Le 10 juin 1560, dans une assemblée tenue à l'hôtel de ville, à laquelle assistait Antoine de Bertin, lieutenant général au bailliage, le maïeur Claude Vuion exposa que plusieurs habitants avaient l'intention de présenter une requête au roi, à l'effet d'obtenir l'autorisation d'ouvrir un temple. Sur ce, le lieutenant général envoya immédiatement chercher un tabellion nommé Laleane, lequel déclara que, le jour même, il avait dressé une procuration signée par environ deux cent soixante habitants de la ville et des environs, qui suppliaient Sa Majesté de leur accorder un local pour l'exercice de leur religion.

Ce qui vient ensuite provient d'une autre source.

(* Let $d\ge5$. Let $X^1,X^2$ be independent simple random walks on $\mathbb{Z}^d$ started at the origin, and let $X=(X(t))_{t\in\mathbb{Z}}$ be the two-sided walk $X(t)=X^1(t)$ for $t\ge0$ and $X(t)=X^2(-t)$ for $t\le0$. There exist constants $\xi=\xi(d)\in(0,\infty)$ and $C=C(d)\in(0,\infty)$ such that for every integer $N\ge2$, \[ \mathbf P\big(\exists\, j\in\{1,\dots,N\}:\ X(-\infty,j]\cap X[j+1,\infty)=\emptyset\big)\ge 1-C(\log N)^{\xi}N^{(4-d)/2}. \]
   Context: $X[a,b]$ (with $a$ possibly $-\infty$, $b$ possibly $\infty$) denotes the set of vertices visited by $X$ at times $t\in[a,b]\cap\mathbb{Z}$. *)

theory Defs
  imports "HOL-Probability.Probability"
begin

text \<open>Lattice points of Z^d are modelled as int^'d, with d = CARD('d).\<close>

definition unit_steps :: "(int ^ 'd) set" where
  "unit_steps = {v. \<exists>k. \<exists>s\<in>{-1, 1}. v = (\<chi> i. if i = k then s else 0)}"

definition srw_step :: "(int ^ 'd) measure" where
  "srw_step = measure_pmf (pmf_of_set unit_steps)"

definition step_space :: "(nat \<Rightarrow> int ^ 'd) measure" where
  "step_space = (\<Pi>\<^sub>M i\<in>(UNIV :: nat set). srw_step)"

definition walk :: "(nat \<Rightarrow> int ^ 'd) \<Rightarrow> nat \<Rightarrow> int ^ 'd" where
  "walk s n = (\<Sum>i<n. s i)"

definition two_walk_space :: "((nat \<Rightarrow> int ^ 'd) \<times> (nat \<Rightarrow> int ^ 'd)) measure" where
  "two_walk_space = step_space \<Otimes>\<^sub>M step_space"

definition two_sided :: "(nat \<Rightarrow> int ^ 'd) \<times> (nat \<Rightarrow> int ^ 'd) \<Rightarrow> int \<Rightarrow> int ^ 'd" where
  "two_sided \<omega> t = (if t \<ge> 0 then walk (fst \<omega>) (nat t) else walk (snd \<omega>) (nat (- t)))"

end

theory Submission
  imports Defs
begin

text \<open>
  Write \<open>D(t) = X(t) - X(t - 1)\<close>, \<open>t \<in> \<int>\<close>, for the increments of the two-sided walk; they are
  i.i.d. and uniform on the \<open>2d\<close> unit vectors, and \<open>j\<close> is a cut time iff no sum
  \<open>D(a + 1) + \<dots> + D(b)\<close> with \<open>a \<le> j < b\<close> vanishes.  The local limit bound
  \<open>P(D(1) + \<dots> + D(n) = x) \<le> C n^(-d/2)\<close> (obtained by conditioning on the axes of the steps) shows
  that a loop of length \<open>> m\<close> straddling a fixed \<open>j\<close> has probability \<open>\<le> C m^(2-d/2)\<close>.

  Cut \<open>[1, N]\<close> into \<open>K \<approx> (s/c) log N\<close> disjoint windows of length \<open>2m \<approx> N/K\<close>, where
  \<open>s = (d - 4)/2\<close>.  The centre of a window is a local cut time (no straddling loop inside the window)
  with probability at least some \<open>c > 0\<close>: force the central \<open>2L\<close> steps to point in one direction;
  then every straddling loop has length \<open>\<ge> 2L\<close>, and for large \<open>L\<close> these are unlikely.  By
  independence, no centre is a local cut time with probability \<open>\<le> (1 - c)^K \<le> N^(-s)\<close>, and a long
  loop straddling one of the \<open>K\<close> centres has probability \<open>\<le> K C m^(-s) = O((log N)^(s+1) N^(-s))\<close>.
\<close>

section \<open>Events determined by finitely many coordinates\<close>

definition determined_by :: "'i set \<Rightarrow> (('i \<Rightarrow> 'a) \<Rightarrow> bool) \<Rightarrow> bool" where
  "determined_by J P \<longleftrightarrow> (\<forall>f g. (\<forall>x\<in>J. f x = g x) \<longrightarrow> P f = P g)"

Antoine de Bertin, zélé catholique, s'opposa fortement à cette requête ; par suite de ces remontrances, elle fut désavouée, et, séance tenante, il fut décidé qu'on adresserait au roi une contre-requête, pour solliciter l'interdiction d'un temple et de toute religion différente de celle qu'on avait pratiquée jusqu'alors.

De pareilles discussions ne pouvaient amener que troubles et malheurs ; déjà des luttes violentes avaient ensanglanté la ville. Le jour de l'Ascension de cette année 1561, il s'éleva un grand tumulte causé par le sermon d'un carme de la ville de Montreuil. Les protestants, au nombre de plus de deux cents, s'étaient réunis pour prier et chanter des cantiques en public ; les catholiques, excités par la prédication du carme, les attaquèrent : la mêlée fut si vive et la violence portée à un tel point, que le père ne connaissait plus le fils ni le fils le père. De Bertin dressa un procès-verbal, qu'il envoya au roi, au duc de Guise et au cardinal de Lorraine. Le lieutenant civil d'Amiens fut commis pour informer ; beaucoup d'arrestations eurent lieu ; les prisonniers furent dirigés sur Amiens, où ils restèrent trois mois, puis ils furent relâchés et renvoyés sous caution. Le cardinal de Pellevé, évêque d'Amiens, se rendit à Montdidier peu de temps après cette affaire, avec Jacques d'Humières, gouverneur général des trois villes, et il fit une procession solennelle pour l'extinction de l'hérésie.